Most nations accept that drugs are very bad, while mail fraud
is much lower on their current priorities.
3) Have a decidedly one-sided relationship. NATO exists because
John Marshall convinced the Congress to send large sums of
money to Europe.
None of these, or any other commonalities which suggest
themselves, bear on the inter-network situation.
> The various networks ought to have cooperative agreements for policing
> each others policy. Postmasters already informally help each other when
> flagrant problems occur; why not formalize the process? Could there be a
> common law of networks that is written rather than acknowledged?
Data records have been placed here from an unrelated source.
lemma flat_at_ends_deriv:
  assumes "flat_at_ends f"
  shows "flat_at_ends (deriv f)"
proof -
  obtain F where F: "F 0 = f" "\<forall>k x. (F k has_real_derivative F (Suc k) x) (at x)"
    "\<forall>k. F k 0 = 0 \<and> F k L = 0"
    using assms unfolding flat_at_ends_def by blast
  have "deriv f = F 1"
  proof
    fix x
    show "deriv f x = F 1 x"
      using F(1,2) by (intro DERIV_imp_deriv) auto
  qed
  with F show ?thesis
    unfolding flat_at_ends_def by (intro exI[of _ "\<lambda>k. F (Suc k)"]) auto
qed

lemma flat_at_ends_endpoints:
  assumes "flat_at_ends f"
  shows "f 0 = 0" and "f L = 0"
  using assms unfolding flat_at_ends_def by auto

lemma flat_at_ends_continuous_on: "flat_at_ends f \<Longrightarrow> continuous_on S f"
  using DERIV_isCont[OF flat_at_ends_DERIV] by (simp add: continuous_at_imp_continuous_on)

lemma E_continuous_on: "continuous_on S E"
  by (intro continuous_at_imp_continuous_on ballI DERIV_isCont[OF E_DERIV])

lemma flat_at_ends_lincomb:
  assumes "flat_at_ends f" and "flat_at_ends g"
  shows "flat_at_ends (\<lambda>x. a * f x + b * g x)"
proof -
  obtain F where F: "F 0 = f" "\<forall>k x. (F k has_real_derivative F (Suc k) x) (at x)"
    "\<forall>k. F k 0 = 0 \<and> F k L = 0"
    using assms(1) unfolding flat_at_ends_def by blast
  obtain G where G: "G 0 = g" "\<forall>k x. (G k has_real_derivative G (Suc k) x) (at x)"
    "\<forall>k. G k 0 = 0 \<and> G k L = 0"
    using assms(2) unfolding flat_at_ends_def by blast
  show ?thesis
    unfolding flat_at_ends_def using F G
    by (intro exI[of _ "\<lambda>k x. a * F k x + b * G k x"]) (auto intro!: derivative_eq_intros)
qed

lemma flat_at_ends_affine_mult:
  assumes "flat_at_ends f"
  shows "flat_at_ends (\<lambda>x. (p * x + q) * f x)"
proof -
  obtain F where F: "F 0 = f" "\<forall>k x. (F k has_real_derivative F (Suc k) x) (at x)"
    "\<forall>k. F k 0 = 0 \<and> F k L = 0"
    using assms unfolding flat_at_ends_def by blast
  \<comment> \<open>Leibniz rule for the \<open>k\<close>-th derivative of \<open>(p x + q) f x\<close>.\<close>
  define G where "G k x = (p * x + q) * F k x + real k * p * F (k - 1) x" for k x
  have "(G k has_real_derivative G (Suc k) x) (at x)" for k x
    using F(2) unfolding G_def
    by (cases k) (auto intro!: derivative_eq_intros simp: algebra_simps)
  then show ?thesis
    unfolding flat_at_ends_def using F by (intro exI[of _ G]) (auto simp: G_def)
qed

lemma deriv_lincomb:
  assumes "flat_at_ends f" and "flat_at_ends g"
  shows "deriv (\<lambda>x. a * f x + b * g x) = (\<lambda>x. a * deriv f x + b * deriv g x)"
proof
  fix x
  show "deriv (\<lambda>x. a * f x + b * g x) x = a * deriv f x + b * deriv g x"
    using flat_at_ends_DERIV[OF assms(1)] flat_at_ends_DERIV[OF assms(2)]
    by (intro DERIV_imp_deriv) (auto intro!: derivative_eq_intros)
qed

lemma funpow_deriv_lincomb:
  assumes "flat_at_ends f" and "flat_at_ends g"
  shows "(deriv ^^ k) (\<lambda>x. a * f x + b * g x) = (\<lambda>x. a * (deriv ^^ k) f x + b * (deriv ^^ k) g x)"
proof (induction k)
  case (Suc k)
  have "flat_at_ends ((deriv ^^ k) f)" "flat_at_ends ((deriv ^^ k) g)"
    by (induction k) (auto intro: flat_at_ends_deriv assms)
  with Suc show ?case by (simp add: deriv_lincomb)
qed simp

lemma deriv_adj_lincomb:
  assumes "flat_at_ends f" and "flat_at_ends g"
  shows "deriv_adj (\<lambda>x. a * f x + b * g x) = (\<lambda>x. a * deriv_adj f x + b * deriv_adj g x)"
  unfolding deriv_adj_def deriv_lincomb[OF assms] by (auto simp: algebra_simps)

lemma flat_at_ends_deriv_adj:
  assumes "flat_at_ends f"
  shows "flat_at_ends (deriv_adj f)"
proof -
  have "deriv_adj f = (\<lambda>x. (-1) * deriv f x + (-1) * ((4 * lam * x + (- 4 * lam * x0)) * f x))"
    unfolding deriv_adj_def by (auto simp: algebra_simps)
  then show ?thesis
    by (simp only: flat_at_ends_lincomb flat_at_ends_affine_mult flat_at_ends_deriv assms)
qed

lemma flat_at_ends_funpow_deriv_adj: "flat_at_ends f \<Longrightarrow> flat_at_ends ((deriv_adj ^^ j) f)"
  by (induction j) (auto intro: flat_at_ends_deriv_adj)

lemma flat_at_ends_funpow_deriv: "flat_at_ends f \<Longrightarrow> flat_at_ends ((deriv ^^ j) f)"
  by (induction j) (auto intro: flat_at_ends_deriv)

lemma deriv_adj_deriv:
  assumes "flat_at_ends f"
  shows "deriv_adj (deriv f) = (\<lambda>x. deriv (deriv_adj f) x + 4 * lam * f x)"
proof
  fix x
  have "deriv (deriv_adj f) x = - deriv (deriv f) x - 4 * lam * f x - 4 * lam * (x - x0) * deriv f x"
    unfolding deriv_adj_def
    using flat_at_ends_DERIV[OF assms] flat_at_ends_DERIV[OF flat_at_ends_deriv[OF assms]]
    by (intro DERIV_imp_deriv) (auto intro!: derivative_eq_intros simp: algebra_simps)
  then show "deriv_adj (deriv f) x = deriv (deriv_adj f) x + 4 * lam * f x"
    unfolding deriv_adj_def by (simp add: algebra_simps)
qed

text \<open>For \<open>j = 0\<close> the correction term vanishes; \<open>j - 1\<close> is then truncated to \<open>0\<close>.\<close>

lemma funpow_deriv_adj_deriv:
  assumes "flat_at_ends y"
  shows "(deriv_adj ^^ j) (deriv y)
    = (\<lambda>x. deriv ((deriv_adj ^^ j) y) x + 4 * lam * real j * (deriv_adj ^^ (j - 1)) y x)"
proof (induction j)
  case (Suc j)
  define z r c where "z = (deriv_adj ^^ j) y" and "r = (deriv_adj ^^ (j - 1)) y"
    and "c = 4 * lam * real j"
  have flat: "flat_at_ends z" "flat_at_ends (deriv z)" "flat_at_ends r"
    unfolding z_def r_def by (simp_all add: flat_at_ends_funpow_deriv_adj flat_at_ends_deriv assms)
  have "(deriv_adj ^^ Suc j) (deriv y) = deriv_adj (\<lambda>x. 1 * deriv z x + c * r x)"
    using Suc by (simp add: z_def r_def c_def)
  also have "\<dots> = (\<lambda>x. 1 * deriv_adj (deriv z) x + c * deriv_adj r x)"
    by (rule deriv_adj_lincomb[OF flat(2,3)])
  also have "\<dots> = (\<lambda>x. deriv (deriv_adj z) x + 4 * lam * real (Suc j) * z x)"
  proof -
    have "c * deriv_adj r x = c * z x" for x
      by (cases j) (simp_all add: z_def r_def c_def)
    then show ?thesis
      by (simp only: deriv_adj_deriv[OF flat(1)]) (simp add: c_def algebra_simps)
  qed
  finally show ?case by (simp add: z_def)
qed simp

lemma wip_has_integral:
  assumes "flat_at_ends f" and "flat_at_ends g"
  shows "((\<lambda>x. E x * f x * g x) has_integral wip f g) {0..L}"
  unfolding wip_def using assms
  by (intro integrable_integral integrable_continuous_real continuous_intros
      E_continuous_on flat_at_ends_continuous_on)

lemma wip_commute: "wip f g = wip g f"
  unfolding wip_def by (simp add: mult_ac)

lemma wip_self_nonneg: "flat_at_ends f \<Longrightarrow> 0 \<le> wip f f"
  unfolding wip_def
  by (rule integral_nonneg[OF has_integral_integrable[OF wip_has_integral]])
    (simp_all add: E_pos less_imp_le mult.assoc)

lemma wip_lincomb_right:
  assumes "flat_at_ends f" "flat_at_ends g" "flat_at_ends h"
  shows "wip f (\<lambda>x. a * g x + b * h x) = a * wip f g + b * wip f h"
proof -
  have "((\<lambda>x. a * (E x * f x * g x) + b * (E x * f x * h x)) has_integral a * wip f g + b * wip f h) {0..L}"
    using assms by (intro has_integral_add has_integral_mult_right wip_has_integral)
  then have "((\<lambda>x. E x * f x * (a * g x + b * h x)) has_integral a * wip f g + b * wip f h) {0..L}"
    by (simp add: algebra_simps)
  then show ?thesis
    unfolding wip_def by (rule integral_unique)
qed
A person
> ought to lose their userid for violating the worst of the common laws of
> networking and be warned for others. A common law of networks might be a
> step towards common practice in networking.
>
> Notice that cooperative agreements are not administered by a central
> authority but by the local entity; a policeman in one case and a system
> administrator in another. There is no need for central policing unless an
> entire site goes crazy.
So what constitutes a "heinous network crime", suitable to remove
access from the offender? On BITNET, it is supposedly a sin to post
prices in public mail. On Usenet, this is consdered de riguer. On
Usenet, there are whole newsgroups devoted to "marginal" activities:
"alt.drugs", "alt.sex", "rec.nude", "talk.bizarre", "rec.humor", etc.
The Arpanet, by virtue of its DOD sponsorship, eschews such things.